▶ WHAT TO DO: How many lines in the listing below contain the string "proof"? Say only the number.

▶ SUPPLIED DATA:

(* Suppose $\xi$ is an $\mathcal{S}$-shrinking point of the map $f$, where $\mathcal{S}=\mathcal{F}[\ell,m,n]$. If $\sigma<1$, then $c>0$.
   Context: Fix $N\ge2$. For $\mu\in\mathbb{R}$ and a parameter $\xi$, $f(x)=A_Lx+B\mu$ if $e_1^{\mathsf T}x\le0$, $f(x)=A_Rx+B\mu$ if $e_1^{\mathsf T}x\ge0$, with $A_L,A_R$ real $N\times N$, $B\in\mathbb{R}^N$ and $A_R=A_L+Ce_1^{\mathsf T}$ for some $C$. $f^L(x)=A_Lx+B\mu$, $f^R(x)=A_Rx+B\mu$, $\varrho^{\mathsf T}=e_1^{\mathsf T}\mathrm{adj}(I-A_L)$. A periodic $\mathcal{S}:\mathbb{Z}\to\{L,R\}$ of period $n$ is identified with $\mathcal{S}_0\cdots\mathcal{S}_{n-1}$; indices mod $n$; $\mathcal{S}^{\overline j}$ differs from $\mathcal{S}$ exactly at indices $\equiv j$; $M_{\mathcal{S}}=A_{\mathcal{S}_{n-1}}\cdots A_{\mathcal{S}_0}$. An $\mathcal{S}$-cycle is $(x_0,\dots,x_{n-1})$ with $x_{(i+1)\bmod n}=f^{\mathcal{S}_i}(x_i)$; admissible if $e_1^{\mathsf T}x_i\le0$ whenever $\mathcal{S}_i=L$ and $\ge0$ whenever $\mathcal{S}_i=R$. $\mathcal{F}[\ell,m,n]_i=L$ if $im\bmod n<\ell$ and $R$ otherwise ($\ell<n$, $m<n$ positive, $\gcd(m,n)=1$); $d$ is the inverse of $m$ mod $n$. Shrinking point: with $\mu\ne0$, $\varrho^{\mathsf T}B\ne0$, $2\le\ell\le n-2$, $\xi$ is an $\mathcal{S}$-shrinking point if $\det(I-M_{\mathcal{S}^{\overline0}})\ne0$, $\det(I-M_{\mathcal{S}^{\overline{\ell d}}})\ne0$, the (unique) $\mathcal{S}^{\overline0}$-cycle is admissible and its first coordinates vanish exactly at indices $\equiv0$ and $\equiv\ell d$. At a shrinking point $M_{\mathcal{S}}$ has eigenvalue $1$ with algebraic multiplicity one; writing the eigenvalues of $M_{\mathcal{S}}$ (with multiplicity) as $\rho_1=1,\rho_2,\dots,\rho_N$, one sets $\sigma=\max_{2\le i\le N}|\rho_i|$ and $c=\prod_{i=2}^N(1-\rho_i)$ (the product of the nonzero eigenvalues of $I-M_{\mathcal{S}}$). *)

theory Defs
  imports "Jordan_Normal_Form.Char_Poly" "HOL-Computational_Algebra.Polynomial"
begin

datatype side = L | R

definition opp_side :: "side \<Rightarrow> side" where
  "opp_side s = (case s of L \<Rightarrow> R | R \<Rightarrow> L)"

text \<open>Symbolic sequences: functions nat => side, only their values mod n matter
  (indices are always reduced mod the period n).\<close>

definition Fword :: "nat \<Rightarrow> nat \<Rightarrow> nat \<Rightarrow> nat \<Rightarrow> side" where
  "Fword l m n i = (if (i * m) mod n < l then L else R)"

definition flip_at :: "nat \<Rightarrow> (nat \<Rightarrow> side) \<Rightarrow> nat \<Rightarrow> nat \<Rightarrow> side" where
  "flip_at n S j i = (if i mod n = j mod n then opp_side (S i) else S i)"

definition Amat :: "real mat \<Rightarrow> real mat \<Rightarrow> side \<Rightarrow> real mat" where
  "Amat AL AR s = (case s of L \<Rightarrow> AL | R \<Rightarrow> AR)"

fun Mprod :: "real mat \<Rightarrow> real mat \<Rightarrow> (nat \<Rightarrow> side) \<Rightarrow> nat \<Rightarrow> real mat" where
  "Mprod AL AR S 0 = 1\<^sub>m (dim_row AL)"
| "Mprod AL AR S (Suc k) = Amat AL AR (S k) * Mprod AL AR S k"

definition AR_of :: "nat \<Rightarrow> real mat \<Rightarrow> real vec \<Rightarrow> real mat" where
  "AR_of N AL C = AL + mat N N (\<lambda>(i,j). if j = 0 then C $ i else 0)"

definition rho_vec :: "nat \<Rightarrow> real mat \<Rightarrow> real vec" where
  "rho_vec N AL = row (adj_mat (1\<^sub>m N - AL)) 0"

definition is_cycle :: "nat \<Rightarrow> real mat \<Rightarrow> real mat \<Rightarrow> real vec \<Rightarrow> real \<Rightarrow> (nat \<Rightarrow> side) \<Rightarrow> nat
    \<Rightarrow> (nat \<Rightarrow> real vec) \<Rightarrow> bool" where
  "is_cycle N AL AR B mu S n xs =
     (\<forall>i<n. xs i \<in> carrier_vec N \<and>
        xs (Suc i mod n) = Amat AL AR (S i) *\<^sub>v xs i + mu \<cdot>\<^sub>v B)"

definition admissible :: "(nat \<Rightarrow> side) \<Rightarrow> nat \<Rightarrow> (nat \<Rightarrow> real vec) \<Rightarrow> bool" where
  "admissible S n xs =
     (\<forall>i<n. (S i = L \<longrightarrow> xs i $ 0 \<le> 0) \<and> (S i = R \<longrightarrow> xs i $ 0 \<ge> 0))"

text \<open>xi = (A_L, C, B, mu) is an S-shrinking point (S of period n, parameters l, d).\<close>
definition shrinking_point :: "nat \<Rightarrow> real mat \<Rightarrow> real vec \<Rightarrow> real vec \<Rightarrow> real
    \<Rightarrow> (nat \<Rightarrow> side) \<Rightarrow> nat \<Rightarrow> nat \<Rightarrow> nat \<Rightarrow> bool" where
  "shrinking_point N AL C B mu S l n d =
     (let AR = AR_of N AL C in
       mu \<noteq> 0 \<and> rho_vec N AL \<bullet> B \<noteq> 0 \<and> 2 \<le> l \<and> l + 2 \<le> n \<and>
       det (1\<^sub>m N - Mprod AL AR (flip_at n S 0) n) \<noteq> 0 \<and>
       det (1\<^sub>m N - Mprod AL AR (flip_at n S (l * d)) n) \<noteq> 0 \<and>
       (\<exists>xs. is_cycle N AL AR B mu (flip_at n S 0) n xs \<and>
             admissible (flip_at n S 0) n xs \<and>
             (\<forall>i<n. xs i $ 0 = 0 \<longleftrightarrow> (i = 0 \<or> i = (l * d) mod n))))"

definition other_eigs :: "real mat \<Rightarrow> complex multiset" where
  "other_eigs M = proots (char_poly (map_mat complex_of_real M)) - {#1#}"

definition sigma_of :: "real mat \<Rightarrow> real" where
  "sigma_of M = Max (cmod ` set_mset (other_eigs M))"

definition c_of :: "real mat \<Rightarrow> complex" where
  "c_of M = prod_mset (image_mset (\<lambda>r. 1 - r) (other_eigs M))"

end

theory Submission
  imports Defs
begin

text \<open>The monodromy matrix is real, so its characteristic polynomial has real coefficients and
  its roots other than (one copy of) 1 come in complex conjugate pairs of equal multiplicity.
  Each real root \<open>\<rho>\<close> with \<open>|\<rho>| < 1\<close> contributes a factor \<open>1 - \<rho> > 0\<close> to \<open>c\<close>, and each non-real
  pair contributes \<open>(1 - \<rho>)(1 - \<rho>\<^sup>*) = |1 - \<rho>|\<^sup>2 > 0\<close>.\<close>

definition cnj_symmetric :: "complex multiset \<Rightarrow> bool" where
  "cnj_symmetric X \<longleftrightarrow> (\<forall>x. count X (cnj x) = count X x)"

lemma cnj_symmetric_diff:
  assumes "cnj_symmetric X" and "cnj_symmetric Y"
  shows "cnj_symmetric (X - Y)"
  using assms by (simp add: cnj_symmetric_def)

lemma cnj_symmetric_singleton:
  assumes "cnj x = x"
  shows "cnj_symmetric {#x#}"
  unfolding cnj_symmetric_def using assms by (metis complex_cnj_cnj count_single)

lemma cnj_symmetric_conjugate_pair: "cnj_symmetric {#x, cnj x#}"
  unfolding cnj_symmetric_def by (auto simp: complex_cnj_cnj)

lemma conjugate_pair_subset:
  assumes "cnj_symmetric X" and "x \<in># X" and "cnj x \<noteq> x"
  shows "{#x, cnj x#} \<subseteq># X"
proof -
  have "cnj x \<in># X"
    using assms(1,2) by (metis cnj_symmetric_def count_eq_zero_iff)
  then show ?thesis
    using assms(2,3) by (simp add: insert_subset_eq_iff in_diff_count)
qed

lemma order_cnj_le:
  fixes p :: "complex poly"
  assumes real: "map_poly cnj p = p" and "p \<noteq> 0"
  shows "order x p \<le> order (cnj x) p"
proof -
  interpret cnj_hom: map_poly_comm_ring_hom cnj
    by unfold_locales auto
  have "[:-x, 1:] ^ order x p dvd p" by (simp add: order_divides)
  then have "map_poly cnj ([:-x, 1:] ^ order x p) dvd map_poly cnj p"
    by (rule cnj_hom.hom_dvd)
  then have "[:-cnj x, 1:] ^ order x p dvd p"
    using real by (simp add: cnj_hom.hom_power)
  then show ?thesis using \<open>p \<noteq> 0\<close> by (simp add: order_divides)
qed

lemma cnj_symmetric_proots:
  fixes p :: "complex poly"
  assumes "map_poly cnj p = p"
  shows "cnj_symmetric (proots p)"
proof (cases "p = 0")
  case False
  have "order (cnj x) p = order x p" for x
    using order_cnj_le[OF assms False, of x] order_cnj_le[OF assms False, of "cnj x"] by simp
  then show ?thesis using False by (simp add: cnj_symmetric_def)
qed (simp add: cnj_symmetric_def)

lemma prod_one_minus_positive_real:
  assumes "cnj_symmetric X" and "\<forall>x\<in>#X. cmod x < 1"
  shows "\<exists>a>0. (\<Prod>r\<in>#X. 1 - r) = complex_of_real a"
  using assms
proof (induction "size X" arbitrary: X rule: less_induct)
  case less
  show ?case
  proof (cases "X = {#}")
    case False
    then obtain x where x: "x \<in># X" by blast
    have "x \<noteq> 1" using less.prems(2) x by auto
    define Y where "Y = (if cnj x = x then {#x#} else {#x, cnj x#})"
    have "Y \<subseteq># X" and "cnj_symmetric Y"
      using x conjugate_pair_subset[OF less.prems(1) x] cnj_symmetric_singleton
        cnj_symmetric_conjugate_pair
      by (auto simp: Y_def)
    have X_split: "X = Y + (X - Y)" using \<open>Y \<subseteq># X\<close> by simp
    obtain a where "a > 0" and a: "(\<Prod>r\<in>#X - Y. 1 - r) = complex_of_real a"
    proof -
      have "Y \<noteq> {#}" by (simp add: Y_def)
      then have "size (X - Y) < size X"
        using \<open>Y \<subseteq># X\<close>
        by (metis diff_less nonempty_has_size size_Diff_submset subset_mset.le_zero_eq)
      then show ?thesis
        using less.hyps[of "X - Y"] cnj_symmetric_diff[OF less.prems(1) \<open>cnj_symmetric Y\<close>]
          less.prems(2) that by (meson in_diffD)
    qed
    obtain b where "b > 0" and b: "(\<Prod>r\<in>#Y. 1 - r) = complex_of_real b"
    proof (cases "cnj x = x")
      case True
      then have "x \<in> \<real>" by (simp add: Reals_cnj_iff)
      then have "1 - x = complex_of_real (1 - Re x)"
        by (metis Re_complex_of_real Reals_cases of_real_1 of_real_diff)
      moreover have "Re x < 1"
        using complex_Re_le_cmod[of x] less.prems(2) x by fastforce
      ultimately show ?thesis
        by (intro that[of "1 - Re x"]) (simp_all add: Y_def True)
    next
      case False
      have "(1 - x) * (1 - cnj x) = complex_of_real ((cmod (1 - x))\<^sup>2)"
        using complex_norm_square[of "1 - x"] by simp
      moreover have "(cmod (1 - x))\<^sup>2 > 0" using \<open>x \<noteq> 1\<close> by simp
      ultimately show ?thesis
        by (intro that[of "(cmod (1 - x))\<^sup>2"]) (simp_all add: Y_def False)
    qed
    have "(\<Prod>r\<in>#X. 1 - r) = complex_of_real (b * a)"
      by (subst X_split) (simp add: a b)
    then show ?thesis using \<open>a > 0\<close> \<open>b > 0\<close> mult_pos_pos by blast
  qed simp
qed

lemma c_of_positive:
  assumes M: "M \<in> carrier_mat N N" and "sigma_of M < 1"
  shows "c_of M \<in> \<real> \<and> Re (c_of M) > 0"
proof -
  have char_poly_real:
    "char_poly (map_mat complex_of_real M) = map_poly complex_of_real (char_poly M)"
    by (rule of_real_hom.char_poly_hom[OF M])
  have "cnj_symmetric (proots (char_poly (map_mat complex_of_real M)))"
    unfolding char_poly_real
    by (intro cnj_symmetric_proots poly_eqI) (simp add: coeff_map_poly)
  then have "cnj_symmetric (other_eigs M)"
    unfolding other_eigs_def
    by (intro cnj_symmetric_diff cnj_symmetric_singleton) simp_all
  moreover have "\<forall>x\<in>#other_eigs M. cmod x < 1"
    using \<open>sigma_of M < 1\<close> unfolding sigma_of_def
    by (metis (no_types) Max_ge finite_imageI finite_set_mset image_eqI order.strict_trans1)
  ultimately obtain a where "a > 0" "c_of M = complex_of_real a"
    using prod_one_minus_positive_real unfolding c_of_def by blast
  then show ?thesis by simp
qed

lemma Mprod_carrier:
  assumes "AL \<in> carrier_mat N N" and "AR \<in> carrier_mat N N"
  shows "Mprod AL AR S k \<in> carrier_mat N N"
proof (induction k)
  case (Suc k)
  have "Amat AL AR (S k) \<in> carrier_mat N N"
    using assms by (cases "S k") (auto simp: Amat_def)
  then show ?case using Suc by simp
qed (use assms in simp)

theorem lemma6p4:
  fixes N l m n d :: nat and AL :: "real mat" and B C :: "real vec" and mu :: real
  assumes "N \<ge> 2"
    and "AL \<in> carrier_mat N N" and "B \<in> carrier_vec N" and "C \<in> carrier_vec N"
    and "0 < l" and "l < n" and "0 < m" and "m < n" and "coprime m n"
    and "d < n" and "(m * d) mod n = 1"
    and "shrinking_point N AL C B mu (Fword l m n) l n d"
    and "sigma_of (Mprod AL (AR_of N AL C) (Fword l m n) n) < 1"
  shows "c_of (Mprod AL (AR_of N AL C) (Fword l m n) n) \<in> \<real> \<and>
         Re (c_of (Mprod AL (AR_of N AL C) (Fword l m n) n)) > 0"
proof -
  have "AR_of N AL C \<in> carrier_mat N N"
    using assms(2) unfolding AR_of_def by simp
  then have "Mprod AL (AR_of N AL C) (Fword l m n) n \<in> carrier_mat N N"
    using Mprod_carrier assms(2) by blast
  then show ?thesis using c_of_positive assms(13) by blast
qed

end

▶ WORKED SOLUTION: 10